→ TASK REQUIREMENTS
Scan the entries below for the word "blast". Copy each line that has it.

→ INFORMATION
§ §

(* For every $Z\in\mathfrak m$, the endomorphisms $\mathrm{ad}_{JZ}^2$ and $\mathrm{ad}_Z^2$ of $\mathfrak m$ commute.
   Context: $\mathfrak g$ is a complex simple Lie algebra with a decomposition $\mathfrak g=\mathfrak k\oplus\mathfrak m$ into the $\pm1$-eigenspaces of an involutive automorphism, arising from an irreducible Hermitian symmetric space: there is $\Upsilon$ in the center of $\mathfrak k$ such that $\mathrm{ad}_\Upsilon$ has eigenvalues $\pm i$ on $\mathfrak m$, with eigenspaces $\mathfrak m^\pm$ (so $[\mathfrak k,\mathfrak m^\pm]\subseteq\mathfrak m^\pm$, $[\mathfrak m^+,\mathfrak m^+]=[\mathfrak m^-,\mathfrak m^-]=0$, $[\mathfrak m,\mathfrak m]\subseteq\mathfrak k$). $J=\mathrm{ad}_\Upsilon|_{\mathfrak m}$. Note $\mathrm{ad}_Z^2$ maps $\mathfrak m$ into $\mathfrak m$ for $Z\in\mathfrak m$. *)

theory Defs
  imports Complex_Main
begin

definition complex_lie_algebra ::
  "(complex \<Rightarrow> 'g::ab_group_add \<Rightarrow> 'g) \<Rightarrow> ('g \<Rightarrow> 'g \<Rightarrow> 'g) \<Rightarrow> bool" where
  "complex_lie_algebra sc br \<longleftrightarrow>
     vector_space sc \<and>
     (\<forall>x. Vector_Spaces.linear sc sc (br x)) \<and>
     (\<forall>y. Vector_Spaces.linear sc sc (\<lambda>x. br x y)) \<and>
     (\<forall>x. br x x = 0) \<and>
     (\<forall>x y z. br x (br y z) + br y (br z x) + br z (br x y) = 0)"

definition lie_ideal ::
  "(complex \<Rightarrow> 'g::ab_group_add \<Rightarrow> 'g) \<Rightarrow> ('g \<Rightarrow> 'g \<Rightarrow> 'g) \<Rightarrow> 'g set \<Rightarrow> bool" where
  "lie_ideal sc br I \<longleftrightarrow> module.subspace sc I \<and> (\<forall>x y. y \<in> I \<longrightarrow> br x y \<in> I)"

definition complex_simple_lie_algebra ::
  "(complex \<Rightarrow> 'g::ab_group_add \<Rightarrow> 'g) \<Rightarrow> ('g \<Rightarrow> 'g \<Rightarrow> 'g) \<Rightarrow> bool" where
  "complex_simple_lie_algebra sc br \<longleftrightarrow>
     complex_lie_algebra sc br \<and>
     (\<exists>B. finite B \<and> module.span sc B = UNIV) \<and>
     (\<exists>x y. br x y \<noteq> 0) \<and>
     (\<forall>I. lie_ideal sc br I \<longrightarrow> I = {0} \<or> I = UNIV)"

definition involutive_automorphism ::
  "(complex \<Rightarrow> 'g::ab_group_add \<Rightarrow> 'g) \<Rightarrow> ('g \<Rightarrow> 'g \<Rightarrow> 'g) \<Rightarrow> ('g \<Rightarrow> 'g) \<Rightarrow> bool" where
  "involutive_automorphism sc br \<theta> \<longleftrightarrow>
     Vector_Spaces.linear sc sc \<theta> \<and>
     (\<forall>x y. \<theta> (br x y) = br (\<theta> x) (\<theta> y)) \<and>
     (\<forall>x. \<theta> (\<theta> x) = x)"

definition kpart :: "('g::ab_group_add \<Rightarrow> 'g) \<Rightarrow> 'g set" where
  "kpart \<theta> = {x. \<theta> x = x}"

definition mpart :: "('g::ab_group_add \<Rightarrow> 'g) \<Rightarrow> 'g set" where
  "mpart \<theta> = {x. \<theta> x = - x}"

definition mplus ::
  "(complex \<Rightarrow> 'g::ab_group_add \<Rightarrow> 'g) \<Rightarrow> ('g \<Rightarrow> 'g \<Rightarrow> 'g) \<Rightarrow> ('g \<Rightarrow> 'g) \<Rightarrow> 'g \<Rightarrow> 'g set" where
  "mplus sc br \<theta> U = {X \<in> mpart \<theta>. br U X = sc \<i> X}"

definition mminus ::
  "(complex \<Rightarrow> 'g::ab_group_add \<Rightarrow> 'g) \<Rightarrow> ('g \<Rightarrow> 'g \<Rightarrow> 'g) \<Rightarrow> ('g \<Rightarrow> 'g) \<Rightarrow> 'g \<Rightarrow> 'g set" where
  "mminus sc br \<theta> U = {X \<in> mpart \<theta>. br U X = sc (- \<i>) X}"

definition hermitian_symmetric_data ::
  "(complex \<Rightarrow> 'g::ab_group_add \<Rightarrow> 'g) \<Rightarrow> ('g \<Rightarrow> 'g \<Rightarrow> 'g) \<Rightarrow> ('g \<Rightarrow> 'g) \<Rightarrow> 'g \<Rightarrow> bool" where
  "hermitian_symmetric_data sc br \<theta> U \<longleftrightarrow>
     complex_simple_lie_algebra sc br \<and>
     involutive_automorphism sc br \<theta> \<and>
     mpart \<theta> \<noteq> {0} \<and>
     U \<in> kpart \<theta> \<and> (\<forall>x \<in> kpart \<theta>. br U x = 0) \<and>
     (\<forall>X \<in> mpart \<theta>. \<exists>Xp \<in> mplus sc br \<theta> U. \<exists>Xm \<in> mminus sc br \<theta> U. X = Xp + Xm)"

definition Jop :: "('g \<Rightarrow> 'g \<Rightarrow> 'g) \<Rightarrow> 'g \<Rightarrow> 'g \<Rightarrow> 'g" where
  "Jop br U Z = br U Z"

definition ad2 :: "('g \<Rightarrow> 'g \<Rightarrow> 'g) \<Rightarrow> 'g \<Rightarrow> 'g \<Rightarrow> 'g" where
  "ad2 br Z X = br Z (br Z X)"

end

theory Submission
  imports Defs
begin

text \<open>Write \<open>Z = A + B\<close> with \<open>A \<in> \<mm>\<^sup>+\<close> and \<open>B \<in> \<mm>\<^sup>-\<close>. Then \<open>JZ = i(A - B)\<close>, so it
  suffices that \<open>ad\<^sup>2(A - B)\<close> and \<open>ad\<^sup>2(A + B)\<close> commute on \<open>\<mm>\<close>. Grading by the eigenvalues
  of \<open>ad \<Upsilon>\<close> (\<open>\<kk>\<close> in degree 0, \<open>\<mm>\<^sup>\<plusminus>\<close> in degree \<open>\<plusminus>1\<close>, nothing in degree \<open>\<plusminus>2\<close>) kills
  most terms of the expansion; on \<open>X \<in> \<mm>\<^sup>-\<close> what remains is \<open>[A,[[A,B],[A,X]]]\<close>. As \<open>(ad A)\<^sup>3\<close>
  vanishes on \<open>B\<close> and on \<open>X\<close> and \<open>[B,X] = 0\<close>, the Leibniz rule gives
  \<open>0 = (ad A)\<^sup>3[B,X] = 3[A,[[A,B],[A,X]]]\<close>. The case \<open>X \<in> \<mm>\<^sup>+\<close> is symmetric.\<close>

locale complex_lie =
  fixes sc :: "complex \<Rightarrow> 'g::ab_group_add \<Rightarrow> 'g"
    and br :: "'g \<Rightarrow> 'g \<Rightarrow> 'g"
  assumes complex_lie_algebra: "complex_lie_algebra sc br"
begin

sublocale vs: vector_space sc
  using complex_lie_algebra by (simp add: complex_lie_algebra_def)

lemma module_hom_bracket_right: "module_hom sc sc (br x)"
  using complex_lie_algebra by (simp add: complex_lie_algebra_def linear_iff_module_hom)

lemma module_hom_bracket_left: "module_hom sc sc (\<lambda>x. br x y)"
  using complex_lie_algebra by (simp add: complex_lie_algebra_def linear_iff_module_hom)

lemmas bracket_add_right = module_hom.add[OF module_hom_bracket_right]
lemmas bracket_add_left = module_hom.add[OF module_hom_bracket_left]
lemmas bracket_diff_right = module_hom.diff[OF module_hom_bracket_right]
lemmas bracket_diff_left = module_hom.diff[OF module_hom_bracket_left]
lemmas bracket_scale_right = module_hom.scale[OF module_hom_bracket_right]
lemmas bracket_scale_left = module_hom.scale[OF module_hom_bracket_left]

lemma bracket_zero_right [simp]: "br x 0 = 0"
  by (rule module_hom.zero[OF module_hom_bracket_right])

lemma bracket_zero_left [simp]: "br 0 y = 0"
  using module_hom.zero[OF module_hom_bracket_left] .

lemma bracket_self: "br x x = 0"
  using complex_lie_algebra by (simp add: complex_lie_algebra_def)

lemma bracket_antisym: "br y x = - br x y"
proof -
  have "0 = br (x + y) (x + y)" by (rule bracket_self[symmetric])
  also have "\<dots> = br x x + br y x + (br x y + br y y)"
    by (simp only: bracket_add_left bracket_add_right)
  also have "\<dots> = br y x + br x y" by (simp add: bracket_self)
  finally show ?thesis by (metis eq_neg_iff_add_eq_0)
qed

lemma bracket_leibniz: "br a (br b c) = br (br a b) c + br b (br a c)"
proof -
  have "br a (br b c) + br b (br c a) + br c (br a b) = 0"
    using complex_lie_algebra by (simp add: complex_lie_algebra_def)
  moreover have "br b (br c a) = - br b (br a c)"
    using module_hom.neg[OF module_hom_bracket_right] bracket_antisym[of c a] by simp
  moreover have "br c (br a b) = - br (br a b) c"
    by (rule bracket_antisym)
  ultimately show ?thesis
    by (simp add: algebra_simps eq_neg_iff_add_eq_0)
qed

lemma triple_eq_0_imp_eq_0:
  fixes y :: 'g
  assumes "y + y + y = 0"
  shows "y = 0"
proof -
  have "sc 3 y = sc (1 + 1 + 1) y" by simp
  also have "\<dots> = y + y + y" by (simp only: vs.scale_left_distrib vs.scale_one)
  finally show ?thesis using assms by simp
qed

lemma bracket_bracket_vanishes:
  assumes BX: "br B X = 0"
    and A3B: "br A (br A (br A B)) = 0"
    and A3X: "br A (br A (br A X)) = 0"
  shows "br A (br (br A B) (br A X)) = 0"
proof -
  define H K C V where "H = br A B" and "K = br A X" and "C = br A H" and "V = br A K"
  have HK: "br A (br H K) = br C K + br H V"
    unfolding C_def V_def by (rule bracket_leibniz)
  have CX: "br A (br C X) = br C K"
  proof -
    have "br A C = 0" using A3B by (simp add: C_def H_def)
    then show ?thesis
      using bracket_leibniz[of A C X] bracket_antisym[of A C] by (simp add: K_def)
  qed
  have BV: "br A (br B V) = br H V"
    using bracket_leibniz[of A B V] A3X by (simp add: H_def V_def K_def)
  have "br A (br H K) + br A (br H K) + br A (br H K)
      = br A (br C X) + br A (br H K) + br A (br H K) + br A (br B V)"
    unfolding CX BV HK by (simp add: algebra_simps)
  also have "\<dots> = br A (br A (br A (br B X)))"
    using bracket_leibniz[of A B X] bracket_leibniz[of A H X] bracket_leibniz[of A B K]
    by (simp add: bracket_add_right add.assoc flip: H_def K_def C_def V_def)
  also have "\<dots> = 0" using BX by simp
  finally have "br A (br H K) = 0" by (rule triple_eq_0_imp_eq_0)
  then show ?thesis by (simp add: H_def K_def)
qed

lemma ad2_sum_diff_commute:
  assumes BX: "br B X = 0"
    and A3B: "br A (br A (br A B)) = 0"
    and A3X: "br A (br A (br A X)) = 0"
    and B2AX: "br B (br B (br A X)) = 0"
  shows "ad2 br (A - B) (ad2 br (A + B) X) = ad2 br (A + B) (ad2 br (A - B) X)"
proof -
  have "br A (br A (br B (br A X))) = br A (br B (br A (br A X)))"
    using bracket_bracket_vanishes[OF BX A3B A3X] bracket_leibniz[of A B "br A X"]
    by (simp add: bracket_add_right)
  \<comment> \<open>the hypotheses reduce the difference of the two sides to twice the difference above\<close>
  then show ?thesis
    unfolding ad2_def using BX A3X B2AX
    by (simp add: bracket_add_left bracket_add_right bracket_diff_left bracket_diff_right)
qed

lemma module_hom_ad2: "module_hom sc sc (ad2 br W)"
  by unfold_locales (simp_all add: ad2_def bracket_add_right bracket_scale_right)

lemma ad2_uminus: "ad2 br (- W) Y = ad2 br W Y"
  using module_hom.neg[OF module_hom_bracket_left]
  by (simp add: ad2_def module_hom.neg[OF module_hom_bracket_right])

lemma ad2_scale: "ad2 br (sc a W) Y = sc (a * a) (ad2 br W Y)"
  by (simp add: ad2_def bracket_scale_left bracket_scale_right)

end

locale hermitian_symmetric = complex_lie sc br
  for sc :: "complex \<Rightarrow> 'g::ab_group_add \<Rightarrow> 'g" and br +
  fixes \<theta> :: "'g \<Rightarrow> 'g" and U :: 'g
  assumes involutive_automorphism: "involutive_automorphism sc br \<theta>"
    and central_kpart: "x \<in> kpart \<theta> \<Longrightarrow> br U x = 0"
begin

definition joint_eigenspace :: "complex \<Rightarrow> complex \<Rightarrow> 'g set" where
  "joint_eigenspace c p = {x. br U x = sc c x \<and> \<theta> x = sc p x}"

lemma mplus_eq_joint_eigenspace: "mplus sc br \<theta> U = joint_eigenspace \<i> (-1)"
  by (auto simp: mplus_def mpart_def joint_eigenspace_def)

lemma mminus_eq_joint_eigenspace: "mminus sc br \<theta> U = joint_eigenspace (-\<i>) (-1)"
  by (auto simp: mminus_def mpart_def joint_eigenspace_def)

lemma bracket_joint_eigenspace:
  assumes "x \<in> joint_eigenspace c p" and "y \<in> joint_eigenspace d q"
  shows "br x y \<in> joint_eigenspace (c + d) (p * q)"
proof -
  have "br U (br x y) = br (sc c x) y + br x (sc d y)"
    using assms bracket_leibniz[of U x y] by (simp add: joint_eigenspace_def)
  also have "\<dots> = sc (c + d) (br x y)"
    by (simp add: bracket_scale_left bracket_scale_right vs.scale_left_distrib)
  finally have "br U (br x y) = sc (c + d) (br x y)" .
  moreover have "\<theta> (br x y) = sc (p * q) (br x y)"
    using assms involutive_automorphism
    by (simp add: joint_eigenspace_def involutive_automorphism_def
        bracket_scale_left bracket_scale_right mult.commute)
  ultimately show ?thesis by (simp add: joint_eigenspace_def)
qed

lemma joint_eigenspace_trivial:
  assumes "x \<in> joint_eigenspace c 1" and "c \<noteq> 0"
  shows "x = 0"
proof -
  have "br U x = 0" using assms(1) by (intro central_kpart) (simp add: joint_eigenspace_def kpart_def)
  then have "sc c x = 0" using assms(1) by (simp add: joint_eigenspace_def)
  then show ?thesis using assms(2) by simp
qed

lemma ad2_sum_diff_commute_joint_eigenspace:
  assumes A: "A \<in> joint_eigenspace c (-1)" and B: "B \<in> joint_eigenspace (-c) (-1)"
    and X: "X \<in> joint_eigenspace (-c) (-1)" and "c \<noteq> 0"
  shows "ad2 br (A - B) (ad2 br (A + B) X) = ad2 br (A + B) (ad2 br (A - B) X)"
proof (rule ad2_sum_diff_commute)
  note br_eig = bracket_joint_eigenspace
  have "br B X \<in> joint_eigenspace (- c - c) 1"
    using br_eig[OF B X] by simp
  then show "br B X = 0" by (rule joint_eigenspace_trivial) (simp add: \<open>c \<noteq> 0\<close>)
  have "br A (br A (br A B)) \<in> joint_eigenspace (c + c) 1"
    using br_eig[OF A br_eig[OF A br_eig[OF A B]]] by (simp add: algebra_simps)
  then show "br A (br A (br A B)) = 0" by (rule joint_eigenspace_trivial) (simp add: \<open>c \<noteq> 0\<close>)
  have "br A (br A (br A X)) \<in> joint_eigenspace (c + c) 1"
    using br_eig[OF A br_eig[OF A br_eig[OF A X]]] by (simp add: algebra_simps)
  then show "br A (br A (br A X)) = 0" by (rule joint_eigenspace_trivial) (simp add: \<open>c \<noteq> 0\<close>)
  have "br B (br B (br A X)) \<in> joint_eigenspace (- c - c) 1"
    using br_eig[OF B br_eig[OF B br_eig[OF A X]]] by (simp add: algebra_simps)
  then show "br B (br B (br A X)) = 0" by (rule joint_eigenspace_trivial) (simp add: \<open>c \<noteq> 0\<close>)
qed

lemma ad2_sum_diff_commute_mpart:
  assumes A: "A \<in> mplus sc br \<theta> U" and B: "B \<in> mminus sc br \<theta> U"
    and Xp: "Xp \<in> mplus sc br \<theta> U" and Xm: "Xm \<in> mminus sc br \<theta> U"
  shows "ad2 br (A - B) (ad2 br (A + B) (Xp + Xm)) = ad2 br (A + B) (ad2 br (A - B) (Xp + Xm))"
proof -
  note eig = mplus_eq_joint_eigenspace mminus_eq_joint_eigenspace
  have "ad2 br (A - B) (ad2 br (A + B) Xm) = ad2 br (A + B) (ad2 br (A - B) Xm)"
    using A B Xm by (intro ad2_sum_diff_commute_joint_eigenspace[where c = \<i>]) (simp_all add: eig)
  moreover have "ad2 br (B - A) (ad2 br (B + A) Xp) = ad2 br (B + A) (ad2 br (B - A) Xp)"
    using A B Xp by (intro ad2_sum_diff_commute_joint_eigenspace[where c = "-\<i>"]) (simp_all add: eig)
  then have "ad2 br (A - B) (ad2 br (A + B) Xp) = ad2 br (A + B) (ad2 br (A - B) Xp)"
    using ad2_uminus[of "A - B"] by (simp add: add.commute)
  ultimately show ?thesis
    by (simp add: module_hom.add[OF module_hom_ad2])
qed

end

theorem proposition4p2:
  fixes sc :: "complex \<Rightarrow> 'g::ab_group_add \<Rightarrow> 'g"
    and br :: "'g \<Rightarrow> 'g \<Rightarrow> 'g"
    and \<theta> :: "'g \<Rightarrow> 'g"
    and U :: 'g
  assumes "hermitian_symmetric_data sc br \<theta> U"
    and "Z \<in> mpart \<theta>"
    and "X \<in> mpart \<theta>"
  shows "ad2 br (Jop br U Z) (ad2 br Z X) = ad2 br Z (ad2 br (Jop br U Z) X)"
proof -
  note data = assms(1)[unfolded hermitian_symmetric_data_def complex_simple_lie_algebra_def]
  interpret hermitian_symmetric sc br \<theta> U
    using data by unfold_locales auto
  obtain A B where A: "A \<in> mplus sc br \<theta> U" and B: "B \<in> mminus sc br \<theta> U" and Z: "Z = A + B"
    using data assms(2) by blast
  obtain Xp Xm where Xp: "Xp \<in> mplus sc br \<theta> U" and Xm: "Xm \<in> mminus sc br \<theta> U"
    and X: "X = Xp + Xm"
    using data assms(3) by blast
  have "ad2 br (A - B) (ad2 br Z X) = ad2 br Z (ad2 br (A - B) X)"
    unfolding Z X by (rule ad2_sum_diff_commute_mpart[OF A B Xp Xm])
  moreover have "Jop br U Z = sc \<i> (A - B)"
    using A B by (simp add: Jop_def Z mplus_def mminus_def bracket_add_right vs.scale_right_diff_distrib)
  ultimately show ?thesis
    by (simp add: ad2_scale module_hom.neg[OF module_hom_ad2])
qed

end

§ §

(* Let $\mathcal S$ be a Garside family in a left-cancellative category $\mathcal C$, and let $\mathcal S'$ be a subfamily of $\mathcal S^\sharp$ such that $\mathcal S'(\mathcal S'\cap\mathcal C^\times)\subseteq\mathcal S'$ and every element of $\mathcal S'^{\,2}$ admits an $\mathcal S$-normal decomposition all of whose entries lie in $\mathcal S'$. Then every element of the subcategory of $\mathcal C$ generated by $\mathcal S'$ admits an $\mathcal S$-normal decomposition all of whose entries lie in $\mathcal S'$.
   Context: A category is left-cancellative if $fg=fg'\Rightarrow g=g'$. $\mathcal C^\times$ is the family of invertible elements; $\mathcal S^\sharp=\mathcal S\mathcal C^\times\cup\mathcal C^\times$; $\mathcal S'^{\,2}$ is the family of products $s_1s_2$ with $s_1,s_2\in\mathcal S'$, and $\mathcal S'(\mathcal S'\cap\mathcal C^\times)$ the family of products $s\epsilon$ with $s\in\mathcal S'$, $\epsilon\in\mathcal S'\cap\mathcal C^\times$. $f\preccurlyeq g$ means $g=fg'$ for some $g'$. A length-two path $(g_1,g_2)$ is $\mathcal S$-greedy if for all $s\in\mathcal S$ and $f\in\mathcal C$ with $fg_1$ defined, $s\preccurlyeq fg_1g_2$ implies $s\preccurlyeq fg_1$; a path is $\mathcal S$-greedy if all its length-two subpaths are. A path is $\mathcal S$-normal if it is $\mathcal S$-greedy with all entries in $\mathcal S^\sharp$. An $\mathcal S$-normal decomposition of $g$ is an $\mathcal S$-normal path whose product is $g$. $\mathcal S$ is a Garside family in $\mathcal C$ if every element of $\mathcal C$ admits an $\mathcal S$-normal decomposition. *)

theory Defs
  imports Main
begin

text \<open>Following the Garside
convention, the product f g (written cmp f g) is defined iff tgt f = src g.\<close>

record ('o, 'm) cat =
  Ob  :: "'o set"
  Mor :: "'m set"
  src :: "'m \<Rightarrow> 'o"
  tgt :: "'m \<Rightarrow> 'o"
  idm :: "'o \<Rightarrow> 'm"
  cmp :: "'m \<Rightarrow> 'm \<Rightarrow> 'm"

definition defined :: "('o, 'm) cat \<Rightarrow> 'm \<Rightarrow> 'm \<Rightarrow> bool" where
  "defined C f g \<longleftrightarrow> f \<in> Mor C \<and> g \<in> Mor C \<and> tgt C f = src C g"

§ §

→ REPLY
    using data assms(2) by blast
    using data assms(3) by blast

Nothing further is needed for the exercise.